Today’s prompt is a repeat from one we had in 2014, which was when I participated in my very first Diabetes Blog Week.
The prompt: Today let’s revisit a prompt from 2014 – May is Mental Health Month so now seems like a great time to explore the emotional side of living with, or caring for someone with, diabetes. What things can make dealing with diabetes an emotional issue for you and / or your loved one, and how do you cope?
I wear my heart on my sleeve and my emotions on my face. I’ve never been skilled at hiding my feelings, and as it would have it, diabetes makes me feel ALL the feels. The prevailing emotion I experience due in part to my diabetes is anxiety. I’ve blogged a little about it before and saw a therapist for just over a year to explore via talk therapy why my anxiety is so intense sometimes.

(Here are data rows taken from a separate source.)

lemma (in vector_space) eigenvector_funpow:
  assumes "Vector_Spaces.linear scale scale B" and "B v = scale c v"
  shows "(B ^^ n) v = scale (c ^ n) v"
proof (induction n)
  case (Suc n)
  interpret B: Vector_Spaces.linear scale scale B by fact
  show ?case
    using Suc assms(2) by (simp add: B.scale mult.commute)
qed simp

lemma recurrence_on_krylov:
  fixes s1 :: "complex \<Rightarrow> 'b::ab_group_add \<Rightarrow> 'b" and s2 :: "complex \<Rightarrow> 'c::ab_group_add \<Rightarrow> 'c"
  assumes B: "Vector_Spaces.linear s1 s1 B" and A: "Vector_Spaces.linear s1 s2 A"
    and rec: "\<And>k. (\<Sum>l = 0..d. s2 (\<alpha> l) (A ((B ^^ (l + k)) x))) = 0"
    and v: "v \<in> krylov s1 B x"
  shows "(\<Sum>l = 0..d. s2 (\<alpha> l) (A ((B ^^ (l + k)) v))) = 0"
proof -
  interpret A: Vector_Spaces.linear s1 s2 A by fact
  interpret pair: vector_space_pair s1 s2 by unfold_locales
  have "Vector_Spaces.linear s1 s2 (\<lambda>u. s2 (\<alpha> l) (A ((B ^^ (l + k)) u)))" for l
    using pair.linear_compose_scale_right[OF Vector_Spaces.linear_compose[OF linear_funpow[OF B] A]]
    by (simp add: o_def)
  then have "Vector_Spaces.linear s1 s2 (\<lambda>u. \<Sum>l = 0..d. s2 (\<alpha> l) (A ((B ^^ (l + k)) u)))"
    by (rule pair.linear_compose_sum[rule_format])
  moreover have "(\<Sum>l = 0..d. s2 (\<alpha> l) (A ((B ^^ (l + k)) u))) = 0"
    if u: "u \<in> range (\<lambda>j. (B ^^ j) x)" for u
  proof -
    obtain j where "u = (B ^^ j) x"
      using u by blast
    then have "(B ^^ (l + k)) u = (B ^^ (l + (k + j))) x" for l
      by (simp add: funpow_add add.assoc)
    then show ?thesis
      using rec[of "k + j"] by simp
  qed
  ultimately show ?thesis
    using v unfolding krylov_def by (rule pair.linear_eq_0_on_span)
qed

lemma krylov_eigenvalue_root:
  fixes s1 :: "complex \<Rightarrow> 'b::ab_group_add \<Rightarrow> 'b" and s2 :: "complex \<Rightarrow> 'c::ab_group_add \<Rightarrow> 'c"
  assumes B: "Vector_Spaces.linear s1 s1 B" and A: "Vector_Spaces.linear s1 s2 A"
    and rec: "\<And>k. (\<Sum>l = 0..d. s2 (\<alpha> l) (A ((B ^^ (l + k)) x))) = 0"
    and v: "v \<in> krylov s1 B x" and eig: "B v = s1 c v" and Av: "A v \<noteq> 0"
  shows "(\<Sum>l = 0..d. \<alpha> l * c ^ l) = 0"
proof -
  interpret A: Vector_Spaces.linear s1 s2 A by fact
  have "s2 (\<Sum>l = 0..d. \<alpha> l * c ^ l) (A v) = (\<Sum>l = 0..d. s2 (\<alpha> l) (A ((B ^^ l) v)))"
    by (simp add: A.vs1.eigenvector_funpow[OF B eig] A.scale A.vs2.scale_sum_left)
  also have "\<dots> = 0"
    using recurrence_on_krylov[OF B A rec v, of 0] by simp
  finally show ?thesis
    using Av by simp
qed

Talking to a therapist helped me understand where my anxieties stem from; in turn, this helped me feel more normal about experiencing anxiety. For instance, I realized that my compulsion to have control over most forces in my life is probably a result of my inability to control my diabetes in the same way. “Control” and “diabetes” are two words that do not go together, and I know that, but this doesn’t mean that I don’t get frustrated when my diabetes completely rebels against me in spite of me doing everything right regarding my self-care.
I stopped seeing a therapist because I felt like we addressed my needs, but I still rely on coping mechanisms I’ve developed when I experience frustration, sadness, anger, or total burnout due to my diabetes. My favorite ones include writing about it, going for long walks, treating myself to a trip to the mall (or with a massage or manicure), getting lost in a good book or a movie…essentially, anything that will distract me or keep my mind busy helps me deal with the emotional side of diabetes. Sometimes, I just don’t want to talk about my problems or concerns, because voicing them doesn’t always mitigate my feelings—it can actually exacerbate them, depending on a few different factors. So it’s helpful for me to kind of shut that part of my brain down for a bit by engaging it in something other than my emotions. I compare it to restarting your computer: You receive a notification that you need to shut it down for some updates, so you reboot it, and it’s running better than ever once the updates have finished installing. That’s a very technical way to talk about emotions, but what can I say, I’m not just an emotional person—I’m an analytical one, too.
I can’t wait to read other posts in response to this prompt. I’d like to learn how other people handle the emotional aspects of diabetes, and I’m especially interested to see how parents/loved ones/caregivers of people with diabetes respond. It’s important for me to understand multiple perspectives, and perhaps I could use those methods of coping to help other people I know with diabetes (or another chronic condition) when they may be going through a rough patch.